Pilar Tavella, Barclays

“A surpreendente vitória de Javier Milei nas eleições primárias aumentou a incerteza política em vez de reduzi-la (…) A crise econômica está prestes a se aprofundar e não está claro como os eleitores reagirão a mais instabilidade”.

Oren Barack, Alliance Global Partners

“Uma população completamente cansada está disposta a tentar uma entidade completamente nova, com visões mais extremas, para mudar as décadas de fracassos de ambos os partidos”

“Milei é apenas a incógnita e a maior surpresa para o mercado, mas se ele vencer as eleições, uma redução significativa nos gastos do governo e a dolarização da Argentina poderiam ser vantajosas a longo prazo”.

Benito Berber, Natixis

“As pessoas estão cansadas dos peronistas, e isso é positivo para os mercados.
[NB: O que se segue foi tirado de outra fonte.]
definition Ssum :: "nat \<Rightarrow> nat \<Rightarrow> rat \<Rightarrow> rat \<Rightarrow> int" where
  "Ssum p l x y = (\<Sum>s\<in>{s::int. x * of_nat p < of_int s \<and> of_int s < y * of_nat p}. s ^ l)"

text \<open>Congruence of rationals modulo p: the difference has p-adic valuation at least 1
  (i.e. it is zero or a reduced fraction whose numerator is divisible by p).\<close>
definition rat_cong :: "nat \<Rightarrow> rat \<Rightarrow> rat \<Rightarrow> bool" where
  "rat_cong p a b \<longleftrightarrow> (\<exists>m n::int. a - b = of_int m / of_int n \<and> coprime n (int p) \<and> int p dvd m)"

end

theory Submission
  imports Defs "HOL-Number_Theory.Number_Theory"
begin

(* Write G(i) = S_t(0, i/2304). Since 2304 = 2^8 * 3^2 is the common denominator of all
   endpoints, every S_t on the right-hand side is a difference of values of G. Modulo p the
   function G satisfies the distribution relations
     G(m k) = m^t * sum_{j<m} (G(k + j N/m) - G(j N/m))      (m = 2, 3; N = 2304),
   which come from the bijection (j, s) |-> m s - j p, and the reflection relation
   G(N - i) + G(i) = 0, which comes from s |-> p - s together with t even and S_t(0,1) = 0
   (a primitive root permutes the nonzero residues). An explicit combination of these relations
   reduces the right-hand side to G(576) = S_t(0, 1/4).

   For the left-hand side, let P_t(w) = 2^t E_t((w + 1)/2) with E_t the Euler polynomial, so that
   P_t(w + 1) + P_t(w - 1) = 2 w^t and P_t(p) = (-1)^(t/2) E_t mod p. Telescoping gives
   2^(t+1) sum_{s<p/2} (-1)^s s^t = (-1)^((p-1)/2) P_t(p); adding S_t(0, 1/2) = 0 yields
   4^(t+1) S_t(0, 1/4) = (-1)^k E_t, and Fermat's little theorem turns 4^(-t-1) into 4^(2k-1). *)

section \<open>Power sums over rational intervals\<close>

lemma finite_Ssum_range:
  fixes x y :: rat
  shows "finite {s::int. x * of_nat p < of_int s \<and> of_int s < y * of_nat p}"
proof (rule finite_subset)
  show "{s::int. x * of_nat p < of_int s \<and> of_int s < y * of_nat p}
      \<subseteq> {\<lfloor>x * of_nat p\<rfloor>..\<lceil>y * of_nat p\<rceil>}"
    by (auto simp: floor_le_iff le_ceiling_iff)
qed simp

lemma Ssum_empty [simp]:
  fixes x :: rat
  shows "Ssum p t x x = 0"
proof -
  have empty: "{s::int. x * of_nat p < of_int s \<and> of_int s < x * of_nat p} = {}" by auto
  show ?thesis unfolding Ssum_def empty by simp
qed

lemma Ssum_split:
  assumes "x \<le> y" "y \<le> z" "\<And>s::int. of_int s \<noteq> y * of_nat p"
  shows "Ssum p t x z = Ssum p t x y + Ssum p t y z"
proof -
  have "y * of_nat p \<le> z * of_nat p" "x * of_nat p \<le> y * of_nat p"
    using assms(1,2) by (simp_all add: mult_right_mono)
  then have split: "{s::int. x * of_nat p < of_int s \<and> of_int s < z * of_nat p}
      = {s. x * of_nat p < of_int s \<and> of_int s < y * of_nat p}
        \<union> {s. y * of_nat p < of_int s \<and> of_int s < z * of_nat p}"
    using assms(3) by (auto simp: neq_iff)
  show ?thesis
    unfolding Ssum_def split by (rule sum.union_disjoint) (auto simp: finite_Ssum_range)
qed

lemma Ssum_reflect:
  assumes "even t"
  shows "[Ssum p t a b = Ssum p t (1 - b) (1 - a)] (mod int p)"
proof -
  let ?A = "{s::int. a * of_nat p < of_int s \<and> of_int s < b * of_nat p}"
  have "bij_betw (\<lambda>s. int p - s) ?A
      {s. (1 - b) * of_nat p < of_int s \<and> of_int s < (1 - a) * of_nat p}"
    by (rule bij_betw_byWitness[where f' = "\<lambda>s. int p - s"]) (auto simp: algebra_simps)
  then have "Ssum p t (1 - b) (1 - a) = (\<Sum>s\<in>?A. (int p - s) ^ t)"
    unfolding Ssum_def by (simp add: sum.reindex_bij_betw[symmetric])
  moreover have "[s ^ t = (int p - s) ^ t] (mod int p)" for s
  proof -
    have "[(- s) ^ t = (int p - s) ^ t] (mod int p)"
      by (intro cong_pow) (simp add: cong_iff_dvd_diff)
    then show ?thesis using assms by simp
  qed
  ultimately show ?thesis
    unfolding Ssum_def by (simp add: cong_sum)
qed

lemma Ssum_0_inverse:
  assumes "0 < d"
  shows "Ssum p t 0 (1 / of_nat d) = (\<Sum>s = 1..(p - 1) div d. int s ^ t)"
proof -
  have below: "(of_int s < 1 / of_nat d * (of_nat p :: rat)) \<longleftrightarrow> int d * s < int p" for s
    using assms by (simp add: field_simps) (metis of_int_less_iff of_int_mult of_int_of_nat_eq)
  have below_nat: "d * n < p \<longleftrightarrow> n \<le> (p - 1) div d" if "0 < n" for n
  proof -
    have "0 < d * n" using assms that by simp
    then have "d * n < p \<longleftrightarrow> n * d \<le> p - 1" by (simp only: mult.commute) arith
    then show ?thesis using assms by (simp add: less_eq_div_iff_mult_less_eq)
  qed
  have "s \<in> {s. (0::rat) * of_nat p < of_int s \<and> of_int s < 1 / of_nat d * (of_nat p :: rat)}
      \<longleftrightarrow> s \<in> int ` {1..(p - 1) div d}" for s
  proof (cases "0 < s")
    case True
    then obtain n where n: "s = int n" "0 < n" using zero_less_imp_eq_int by blast
    have "s \<in> {s. (0::rat) * of_nat p < of_int s \<and> of_int s < 1 / of_nat d * (of_nat p :: rat)}
        \<longleftrightarrow> d * n < p"
      using True below n(1) by (simp flip: of_nat_mult)
    also have "\<dots> \<longleftrightarrow> n \<in> {1..(p - 1) div d}" using below_nat n(2) by simp
    finally show ?thesis using n(1) by (simp add: inj_image_mem_iff)
  qed auto
  then show ?thesis unfolding Ssum_def by (simp add: set_eq_iff sum.reindex)
qed

lemma power_sum_cong_0:
  assumes "prime p" "\<not> (p - 1) dvd t"
  shows "[(\<Sum>s\<in>{1..<int p}. s ^ t) = 0] (mod int p)"
proof -
  obtain a where a: "a \<in> totatives p" "ord p a = p - 1"
    using residue_prime_has_primroot[OF assms(1)] by blast
  then have cop: "coprime (int a) (int p)" by (simp add: in_totatives_iff)
  define S where "S = (\<Sum>s\<in>{1..<int p}. s ^ t)"
  have "S = (\<Sum>s\<in>{1..<int p}. (int a * s mod int p) ^ t)"
    unfolding S_def
    using sum.reindex_bij_betw[OF bij_betw_int_remainders_mult[OF cop], of "\<lambda>s. s ^ t"] by simp
  also have "[(\<Sum>s\<in>{1..<int p}. (int a * s mod int p) ^ t)
      = (\<Sum>s\<in>{1..<int p}. (int a * s) ^ t)] (mod int p)"
    by (intro cong_sum cong_pow) (simp add: cong_def)
  also have "(\<Sum>s\<in>{1..<int p}. (int a * s) ^ t) = int a ^ t * S"
    unfolding S_def by (simp add: power_mult_distrib sum_distrib_left)
  finally have "[int a ^ t * S = S] (mod int p)"
    by (rule cong_sym)
  then have "int p dvd (int a ^ t - 1) * S"
    by (simp add: cong_iff_dvd_diff left_diff_distrib)
  moreover have "\<not> int p dvd int a ^ t - 1"
  proof
    assume "int p dvd int a ^ t - 1"
    then have "[a ^ t = 1] (mod p)"
      by (simp add: cong_iff_dvd_diff flip: cong_int_iff)
    then show False using a(2) assms(2) by (simp add: ord_divides')
  qed
  moreover have "prime (int p)" using assms(1) by simp
  ultimately have "int p dvd S" by (simp add: prime_dvd_mult_iff)
  then show ?thesis by (simp add: S_def cong_0_iff)
qed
No entanto, não temos certeza se o mercado reagirá positivamente a um possível presidente Javier Milei (…) O candidato libertário tem posições extremas, como a dolarização da economia, e é improvável que ele tenha um forte apoio no Congresso para aprovar as reformas necessárias”.

Juan Pablo Rotger, Banco Mariva

“A baixa participação dos eleitores (nas prévias de domingo) acrescenta uma camada extra de incerteza em direção às eleições gerais”.